#### Input records:

(* Let $K\ge2$, $0<q<p$ with $p+(K-1)q=1$, and $\phi\in\Delta$ with $\phi_1\le\cdots\le\phi_K$. If $\theta$ is an MLE for $\phi$, then there exists $n\in\{0,\dots,K-1\}$ such that $\theta=\theta^{[n]}$.
   Context: $\Delta=\{\theta\in\mathbb{R}^K:\theta_i\ge0,\sum_i\theta_i=1\}$. $\mathcal{M}(\theta)_y=q+(p-q)\theta_y$. $\theta\in\Delta$ is an MLE for $\phi$ if it minimizes $D_{KL}(\phi,\mathcal{M}(\theta))=\sum_i\phi_i\log(\phi_i/\mathcal{M}(\theta)_i)$ (convention $0\log(0/\cdot)=0$) over $\Delta$. For sorted $\phi$ and $n\in\{0,\dots,K-1\}$: $\lambda^{[n]}=\frac{(p-q)\sum_{i>n}\phi_i}{1-nq}$, and $\theta^{[n]}\in\mathbb{R}^K$ is given by $\theta^{[n]}_i=0$ for $i\le n$ and $\theta^{[n]}_i=\frac{\phi_i}{\lambda^{[n]}}-\frac{q}{p-q}$ for $i>n$. *)

theory Defs
  imports Complex_Main
begin

text \<open>Vectors in R^K are represented as functions nat => real, indexed by 1..K.\<close>

definition simplex :: "nat \<Rightarrow> (nat \<Rightarrow> real) set" where
  "simplex K = {\<theta>. (\<forall>i\<in>{1..K}. \<theta> i \<ge> 0) \<and> (\<Sum>i=1..K. \<theta> i) = 1}"

definition model :: "real \<Rightarrow> real \<Rightarrow> (nat \<Rightarrow> real) \<Rightarrow> nat \<Rightarrow> real" where
  "model p q \<theta> y = q + (p - q) * \<theta> y"

definition KL :: "nat \<Rightarrow> (nat \<Rightarrow> real) \<Rightarrow> (nat \<Rightarrow> real) \<Rightarrow> real" where
  "KL K \<phi> \<mu> = (\<Sum>i=1..K. if \<phi> i = 0 then 0 else \<phi> i * ln (\<phi> i / \<mu> i))"

definition is_MLE :: "nat \<Rightarrow> real \<Rightarrow> real \<Rightarrow> (nat \<Rightarrow> real) \<Rightarrow> (nat \<Rightarrow> real) \<Rightarrow> bool" where
  "is_MLE K p q \<phi> \<theta> \<longleftrightarrow> \<theta> \<in> simplex K \<and>
     (\<forall>\<theta>'\<in>simplex K. KL K \<phi> (model p q \<theta>) \<le> KL K \<phi> (model p q \<theta>'))"

definition lam :: "nat \<Rightarrow> real \<Rightarrow> real \<Rightarrow> (nat \<Rightarrow> real) \<Rightarrow> nat \<Rightarrow> real" where
  "lam K p q \<phi> n = (p - q) * (\<Sum>i\<in>{n<..K}. \<phi> i) / (1 - real n * q)"

definition theta_n :: "nat \<Rightarrow> real \<Rightarrow> real \<Rightarrow> (nat \<Rightarrow> real) \<Rightarrow> nat \<Rightarrow> nat \<Rightarrow> real" where
  "theta_n K p q \<phi> n i = (if i \<le> n then 0 else \<phi> i / lam K p q \<phi> n - q / (p - q))"

end

theory Submission imports Defs begin

text \<open>
  Moving mass from a coordinate \<open>i\<close> with \<open>\<theta>\<^sub>i > 0\<close> to any other coordinate \<open>j\<close> cannot
  decrease the divergence at an MLE, and the first-order condition of this perturbation is
  \<open>\<phi>\<^sub>j / M\<^sub>j \<le> \<phi>\<^sub>i / M\<^sub>i\<close> for \<open>M = \<M>(\<theta>)\<close>. Hence \<open>\<phi>\<^sub>k / M\<^sub>k\<close> takes a common value \<open>c > 0\<close>
  on the support of \<open>\<theta>\<close> and is at most \<open>c\<close> off it, which amounts to the water-filling form
  \<open>\<theta>\<^sub>k = max 0 (\<phi>\<^sub>k / \<mu> - q / (p - q))\<close> with \<open>\<mu> = c (p - q)\<close>. Since \<open>\<phi>\<close> is sorted,
  the support is a final segment \<open>{n+1..K}\<close>, and \<open>\<Sum> \<theta> = 1\<close> forces \<open>\<mu> = \<lambda>\<^bsup>[n]\<^esup>\<close>.
\<close>

lemma model_pos:
  assumes "0 < q" "q < p" "\<theta> k \<ge> 0"
  shows "model p q \<theta> k > 0"
  using assms by (simp add: model_def add_pos_nonneg)

lemma simplex_has_pos:
  assumes "\<theta> \<in> simplex K"
  shows "\<exists>i\<in>{1..K}. \<theta> i > 0"
proof (rule ccontr)
  assume "\<not> ?thesis"
  then have "\<forall>i\<in>{1..K}. \<theta> i = 0"
    using assms by (force simp: simplex_def)
  then show False
    using assms by (simp add: simplex_def)
qed

lemma KL_diff:
  assumes "\<forall>k\<in>{1..K}. \<phi> k \<ge> 0" "\<forall>k\<in>{1..K}. \<mu> k > 0" "\<forall>k\<in>{1..K}. \<nu> k > 0"
  shows "KL K \<phi> \<nu> - KL K \<phi> \<mu> = (\<Sum>k=1..K. \<phi> k * (ln (\<mu> k) - ln (\<nu> k)))"
  unfolding KL_def sum_subtractf[symmetric]
proof (rule sum.cong)
  fix k assume "k \<in> {1..K}"
  then have "\<phi> k \<noteq> 0 \<Longrightarrow> \<phi> k > 0" "\<mu> k > 0" "\<nu> k > 0"
    using assms by force+
  then show "(if \<phi> k = 0 then 0 else \<phi> k * ln (\<phi> k / \<nu> k))
      - (if \<phi> k = 0 then 0 else \<phi> k * ln (\<phi> k / \<mu> k)) = \<phi> k * (ln (\<mu> k) - ln (\<nu> k))"
    by (auto simp: ln_div algebra_simps)
qed simp

definition transfer :: "(nat \<Rightarrow> real) \<Rightarrow> nat \<Rightarrow> nat \<Rightarrow> real \<Rightarrow> nat \<Rightarrow> real" where
  "transfer \<theta> i j h k = \<theta> k - (if k = i then h else 0) + (if k = j then h else 0)"

lemma transfer_in_simplex:
  assumes "\<theta> \<in> simplex K" "i \<in> {1..K}" "j \<in> {1..K}" "i \<noteq> j" "0 \<le> h" "h \<le> \<theta> i"
  shows "transfer \<theta> i j h \<in> simplex K"
  using assms by (auto simp: simplex_def transfer_def sum.distrib sum_subtractf)

lemma DERIV_nonpos_if_right_max:
  fixes f :: "real \<Rightarrow> real"
  assumes "DERIV f x :> l" "0 < d" "\<And>h. 0 < h \<Longrightarrow> h \<le> d \<Longrightarrow> f (x + h) \<le> f x"
  shows "l \<le> 0"
proof (rule ccontr)
  assume "\<not> l \<le> 0"
  then obtain e where "e > 0" "\<forall>h>0. h < e \<longrightarrow> f x < f (x + h)"
    using DERIV_pos_inc_right[OF assms(1)] by force
  moreover have "0 < min (e/2) d" "min (e/2) d < e"
    using \<open>e > 0\<close> assms(2) by auto
  ultimately show False
    using assms(3)[of "min (e/2) d"] by fastforce
qed

lemma MLE_ratio_le:
  assumes q: "0 < q" and pq: "q < p" and phi: "\<phi> \<in> simplex K" and mle: "is_MLE K p q \<phi> \<theta>"
    and i: "i \<in> {1..K}" and j: "j \<in> {1..K}" and ij: "i \<noteq> j" and pos: "\<theta> i > 0"
  shows "\<phi> j / model p q \<theta> j \<le> \<phi> i / model p q \<theta> i"
proof -
  have th: "\<theta> \<in> simplex K"
    using mle by (simp add: is_MLE_def)
  define Mi Mj where "Mi = model p q \<theta> i" and "Mj = model p q \<theta> j"
  have "Mi > 0" "Mj > 0"
    using model_pos q pq pos th j by (force simp: Mi_def Mj_def simplex_def)+
  \<comment> \<open>up to a constant, \<open>f h\<close> is minus the divergence after moving mass \<open>h\<close> from \<open>i\<close> to \<open>j\<close>\<close>
  define f where "f h = \<phi> i * ln (Mi - (p - q) * h) + \<phi> j * ln (Mj + (p - q) * h)" for h
  have right_max: "f h \<le> f 0" if "0 < h" "h \<le> \<theta> i" for h
  proof -
    let ?\<theta>' = "transfer \<theta> i j h"
    have "?\<theta>' \<in> simplex K"
      using transfer_in_simplex th i j ij that by simp
    then have pos': "\<forall>k\<in>{1..K}. model p q ?\<theta>' k > 0" "\<forall>k\<in>{1..K}. model p q \<theta> k > 0"
      using th q pq by (auto intro: model_pos simp: simplex_def)
    have "0 \<le> KL K \<phi> (model p q ?\<theta>') - KL K \<phi> (model p q \<theta>)"
      using mle \<open>?\<theta>' \<in> simplex K\<close> by (simp add: is_MLE_def)
    also have "\<dots> = (\<Sum>k=1..K. \<phi> k * (ln (model p q \<theta> k) - ln (model p q ?\<theta>' k)))"
      using phi pos' by (intro KL_diff) (auto simp: simplex_def)
    also have "\<dots> = (\<Sum>k\<in>{i,j}. \<phi> k * (ln (model p q \<theta> k) - ln (model p q ?\<theta>' k)))"
      using i j by (intro sum.mono_neutral_right) (auto simp: transfer_def model_def)
    also have "\<dots> = f 0 - f h"
      using ij by (simp add: f_def Mi_def Mj_def transfer_def model_def algebra_simps)
    finally show ?thesis
      by simp
  qed
  have "DERIV f 0 :> (p - q) * (\<phi> j / Mj - \<phi> i / Mi)"
    unfolding f_def using \<open>Mi > 0\<close> \<open>Mj > 0\<close>
    by (auto intro!: derivative_eq_intros simp: field_simps)
  then have "(p - q) * (\<phi> j / Mj - \<phi> i / Mi) \<le> 0"
    using DERIV_nonpos_if_right_max pos right_max by fastforce
  then show ?thesis
    using pq by (simp add: mult_le_0_iff Mi_def Mj_def)
qed

lemma MLE_water_filling:
  assumes q: "0 < q" and pq: "q < p" and phi: "\<phi> \<in> simplex K" and mle: "is_MLE K p q \<phi> \<theta>"
  shows "\<exists>\<mu>>0. \<forall>k\<in>{1..K}. \<theta> k = max 0 (\<phi> k / \<mu> - q / (p - q))"
proof -
  have th: "\<theta> \<in> simplex K"
    using mle by (simp add: is_MLE_def)
  define M where "M = model p q \<theta>"
  have M: "M k = q + (p - q) * \<theta> k" "M k > 0" if "k \<in> {1..K}" for k
    using that th model_pos[OF q pq] by (auto simp: M_def model_def simplex_def)
  obtain i where i: "i \<in> {1..K}" "\<theta> i > 0"
    using simplex_has_pos[OF th] by blast
  define c where "c = \<phi> i / M i"
  have ratio_le: "\<phi> k / M k \<le> c" if "k \<in> {1..K}" for k
    using MLE_ratio_le[OF q pq phi mle i(1) that _ i(2)] by (cases "k = i") (auto simp: c_def M_def)
  have ratio_eq: "\<phi> k / M k = c" if "k \<in> {1..K}" "\<theta> k > 0" for k
    using MLE_ratio_le[OF q pq phi mle that(1) i(1) _ that(2)] ratio_le[OF that(1)]
    by (cases "k = i") (auto simp: c_def M_def)
  have "c > 0"
  proof -
    obtain k where "k \<in> {1..K}" "\<phi> k > 0"
      using simplex_has_pos[OF phi] by blast
    then show ?thesis
      using ratio_le M(2) by (meson divide_pos_pos order_less_le_trans)
  qed
  have shift: "\<phi> k / (c * (p - q)) - q / (p - q) = (\<phi> k - c * q) / (c * (p - q))" for k
    using \<open>c > 0\<close> by (simp add: diff_divide_distrib)
  have "\<theta> k = max 0 (\<phi> k / (c * (p - q)) - q / (p - q))" if k: "k \<in> {1..K}" for k
  proof (cases "\<theta> k > 0")
    case True
    then have "\<phi> k = c * (q + (p - q) * \<theta> k)"
      using ratio_eq[OF k] M[OF k] by (simp add: field_simps)
    then have "\<phi> k - c * q = c * (p - q) * \<theta> k"
      by (simp add: algebra_simps)
    then have "\<phi> k / (c * (p - q)) - q / (p - q) = \<theta> k"
      using shift \<open>c > 0\<close> pq by simp
    then show ?thesis
      using True by simp
  next
    case False
    then have "\<theta> k = 0"
      using th k by (force simp: simplex_def)
    moreover have "\<phi> k \<le> c * q"
      using ratio_le[OF k] M[OF k] q \<open>\<theta> k = 0\<close> by (simp add: divide_le_eq)
    ultimately show ?thesis
      using shift \<open>c > 0\<close> pq by (simp add: divide_nonpos_pos)
  qed
  then show ?thesis
    using \<open>c > 0\<close> pq by (intro exI[of _ "c * (p - q)"]) simp
qed

lemma mono_sublevel_initial_segment:
  fixes \<psi> :: "nat \<Rightarrow> real"
  assumes mono: "\<forall>i j. 1 \<le> i \<and> i \<le> j \<and> j \<le> K \<longrightarrow> \<psi> i \<le> \<psi> j"
  obtains n where "n \<le> K" "\<And>k. k \<in> {1..K} \<Longrightarrow> \<psi> k \<le> t \<longleftrightarrow> k \<le> n"
proof
  define S where "S = insert 0 {k\<in>{1..K}. \<psi> k \<le> t}"
  have S: "finite S" "0 \<in> S"
    by (simp_all add: S_def)
  show "Max S \<le> K"
    using S by (subst Max_le_iff) (auto simp: S_def)
  fix k assume k: "k \<in> {1..K}"
  show "\<psi> k \<le> t \<longleftrightarrow> k \<le> Max S"
  proof
    assume "\<psi> k \<le> t"
    then show "k \<le> Max S"
      using S k by (intro Max_ge) (auto simp: S_def)
  next
    assume "k \<le> Max S"
    moreover have "Max S \<in> S"
      using S by (intro Max_in) auto
    ultimately have "Max S \<in> {1..K}" "\<psi> (Max S) \<le> t"
      using k by (auto simp: S_def)
    then show "\<psi> k \<le> t"
      using k mono \<open>k \<le> Max S\<close> by force
  qed
qed

lemma lam_eq_if_normalized:
  assumes "n < K" "0 < q" "q < p" "p + (real K - 1) * q = 1" "0 < \<mu>"
    and "(\<Sum>k\<in>{n<..K}. \<phi> k / \<mu> - q / (p - q)) = 1"
  shows "\<mu> = lam K p q \<phi> n"
proof -
  have "real n * q \<le> (real K - 1) * q"
    using assms(1,2) by (intro mult_right_mono) auto
  then have "1 - real n * q > 0"
    using assms(2-4) by linarith
  have "(\<Sum>k\<in>{n<..K}. \<phi> k) / \<mu> - (real K - real n) * (q / (p - q)) = 1"
    using assms(1,6) by (simp add: sum_subtractf sum_divide_distrib of_nat_diff)
  then have "(p - q) * (\<Sum>k\<in>{n<..K}. \<phi> k) = \<mu> * (p - q + (real K - real n) * q)"
    using assms(3,5) by (simp add: field_simps)
  also have "p - q + (real K - real n) * q = 1 - real n * q"
    using assms(4) by (simp add: algebra_simps)
  finally show ?thesis
    using \<open>1 - real n * q > 0\<close> by (simp add: lam_def field_simps)
qed

theorem lemma2:
  fixes K :: nat and p q :: real and \<phi> \<theta> :: "nat \<Rightarrow> real"
  assumes "K \<ge> 2" and "0 < q" and "q < p" and "p + (real K - 1) * q = 1"
    and "\<phi> \<in> simplex K"
    and "\<forall>i j. 1 \<le> i \<and> i \<le> j \<and> j \<le> K \<longrightarrow> \<phi> i \<le> \<phi> j"
    and "is_MLE K p q \<phi> \<theta>"
  shows "\<exists>n\<in>{0..K-1}. \<forall>i\<in>{1..K}. \<theta> i = theta_n K p q \<phi> n i"
proof -
  obtain \<mu> where "\<mu> > 0" and water: "\<forall>k\<in>{1..K}. \<theta> k = max 0 (\<phi> k / \<mu> - q / (p - q))"
    using MLE_water_filling assms(2,3,5,7) by blast
  define \<psi> where "\<psi> k = \<phi> k / \<mu> - q / (p - q)" for k
  have "\<forall>i j. 1 \<le> i \<and> i \<le> j \<and> j \<le> K \<longrightarrow> \<psi> i \<le> \<psi> j"
    using assms(6) \<open>\<mu> > 0\<close> by (auto simp: \<psi>_def divide_right_mono)
  then obtain n where "n \<le> K" and below: "\<And>k. k \<in> {1..K} \<Longrightarrow> \<psi> k \<le> 0 \<longleftrightarrow> k \<le> n"
    using mono_sublevel_initial_segment[where t = 0] by blast
  have \<theta>_eq: "\<theta> k = (if k \<le> n then 0 else \<psi> k)" if "k \<in> {1..K}" for k
    using water below[OF that] that by (auto simp: \<psi>_def)
  have "\<theta> \<in> simplex K"
    using assms(7) by (simp add: is_MLE_def)
  then obtain i where "i \<in> {1..K}" "\<theta> i > 0"
    using simplex_has_pos by blast
  then have "n < K"
    using \<theta>_eq[of i] by (auto split: if_splits)
  have "(\<Sum>k\<in>{n<..K}. \<psi> k) = (\<Sum>k=1..K. \<theta> k)"
    by (rule sum.mono_neutral_cong_left) (auto simp: \<theta>_eq)
  also have "\<dots> = 1"
    using \<open>\<theta> \<in> simplex K\<close> by (simp add: simplex_def)
  finally have "\<mu> = lam K p q \<phi> n"
    using lam_eq_if_normalized \<open>n < K\<close> assms(2-4) \<open>\<mu> > 0\<close> by (simp add: \<psi>_def)
  then show ?thesis
    using \<theta>_eq \<open>n < K\<close> by (auto simp: theta_n_def \<psi>_def)
qed

end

#### Task to carry out:
Starting at the line above that contains "from \<open>i\<close> to \<open>j\<close>\<close>", write out each line exactly until the line that contains "p q ?\<theta>')" has been written, and stop there.

#### Task solution:
  \<comment> \<open>up to a constant, \<open>f h\<close> is minus the divergence after moving mass \<open>h\<close> from \<open>i\<close> to \<open>j\<close>\<close>
  define f where "f h = \<phi> i * ln (Mi - (p - q) * h) + \<phi> j * ln (Mj + (p - q) * h)" for h
  have right_max: "f h \<le> f 0" if "0 < h" "h \<le> \<theta> i" for h
  proof -
    let ?\<theta>' = "transfer \<theta> i j h"
    have "?\<theta>' \<in> simplex K"
      using transfer_in_simplex th i j ij that by simp
    then have pos': "\<forall>k\<in>{1..K}. model p q ?\<theta>' k > 0" "\<forall>k\<in>{1..K}. model p q \<theta> k > 0"
      using th q pq by (auto intro: model_pos simp: simplex_def)
    have "0 \<le> KL K \<phi> (model p q ?\<theta>') - KL K \<phi> (model p q \<theta>)"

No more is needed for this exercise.